* What you are asked to do
Restate the records so that not a single word differs.
═══ Dataset entries
(* Let $F$ be a free group of finite rank $N\ge2$ with free basis $B$, $X$ its Cayley graph with respect to $B$, and $r\in\mathbb{N}$. Let $P$ be a geodesic path in $X$ from $u\in V(X)$ to $v\in V(X)$ passing through the vertices $v_0=u,v_1,\dots,v_m=v$ in this order. Let $T_i\in\mathcal{R}_r(v_i)$ for $i=0,\dots,m$. If $T_{i-1}$ and $T_i$ are connectable for every $i=1,\dots,m$, then $T_0$ and $T_m$ are connectable.
   Context: $X$ is a tree with path metric in which each edge has length one; $\partial F=\partial X$. $\mathcal{H}(\partial F)$ is the set of closed subsets of $\partial F$ with at least two points; for $S\in\mathcal{H}(\partial F)$, $CH(S)$ is the union of all geodesic lines in $X$ joining two points of $S$. $B(v,r)$ is the closed ball of radius $r$ about $v$, and $B(u,v,r)=B(u,r)\cap B(v,r)$. $\mathcal{R}_r(v)$ is the set of subgraphs $T\subset B(v,r)$ with $v\in T$ such that $T=CH(S)\cap B(v,r)$ for some $S\in\mathcal{H}(\partial F)$. For $T_1\in\mathcal{R}_r(u)$ and $T_2\in\mathcal{R}_r(v)$, $T_1$ and $T_2$ are connectable if $T_1\cap B(u,v,r)=T_2\cap B(u,v,r)$ (in particular they are always connectable when $B(u,v,r)=\emptyset$). *)

theory Defs
  imports Main
begin

(* Elements of F are
   reduced words; a letter is (b, s) with b in B, s = True meaning b^-1.
   The Cayley graph X w.r.t. B has vertex set the reduced words, and
   w is joined to w*x for every letter x; for reduced words w*x is either
   w @ [x] or w with its last letter deleted. *)

type_synonym 'b letter = "'b \<times> bool"
type_synonym 'b vert = "'b letter list"
(* a subgraph: (vertex set, edge set); edges are 2-element vertex sets *)
type_synonym 'b subgraph = "'b vert set \<times> 'b vert set set"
══════
* Output of the task
(* Let $F$ be a free group of finite rank $N\ge2$ with free basis $B$, $X$ its Cayley graph with respect to $B$, and $r\in\mathbb{N}$. Let $P$ be a geodesic path in $X$ from $u\in V(X)$ to $v\in V(X)$ passing through the vertices $v_0=u,v_1,\dots,v_m=v$ in this order. Let $T_i\in\mathcal{R}_r(v_i)$ for $i=0,\dots,m$. If $T_{i-1}$ and $T_i$ are connectable for every $i=1,\dots,m$, then $T_0$ and $T_m$ are connectable.
   Context: $X$ is a tree with path metric in which each edge has length one; $\partial F=\partial X$. $\mathcal{H}(\partial F)$ is the set of closed subsets of $\partial F$ with at least two points; for $S\in\mathcal{H}(\partial F)$, $CH(S)$ is the union of all geodesic lines in $X$ joining two points of $S$. $B(v,r)$ is the closed ball of radius $r$ about $v$, and $B(u,v,r)=B(u,r)\cap B(v,r)$. $\mathcal{R}_r(v)$ is the set of subgraphs $T\subset B(v,r)$ with $v\in T$ such that $T=CH(S)\cap B(v,r)$ for some $S\in\mathcal{H}(\partial F)$. For $T_1\in\mathcal{R}_r(u)$ and $T_2\in\mathcal{R}_r(v)$, $T_1$ and $T_2$ are connectable if $T_1\cap B(u,v,r)=T_2\cap B(u,v,r)$ (in particular they are always connectable when $B(u,v,r)=\emptyset$). *)

theory Defs
  imports Main
begin

(* Elements of F are
   reduced words; a letter is (b, s) with b in B, s = True meaning b^-1.
   The Cayley graph X w.r.t. B has vertex set the reduced words, and
   w is joined to w*x for every letter x; for reduced words w*x is either
   w @ [x] or w with its last letter deleted. *)

type_synonym 'b letter = "'b \<times> bool"
type_synonym 'b vert = "'b letter list"
(* a subgraph: (vertex set, edge set); edges are 2-element vertex sets *)
type_synonym 'b subgraph = "'b vert set \<times> 'b vert set set"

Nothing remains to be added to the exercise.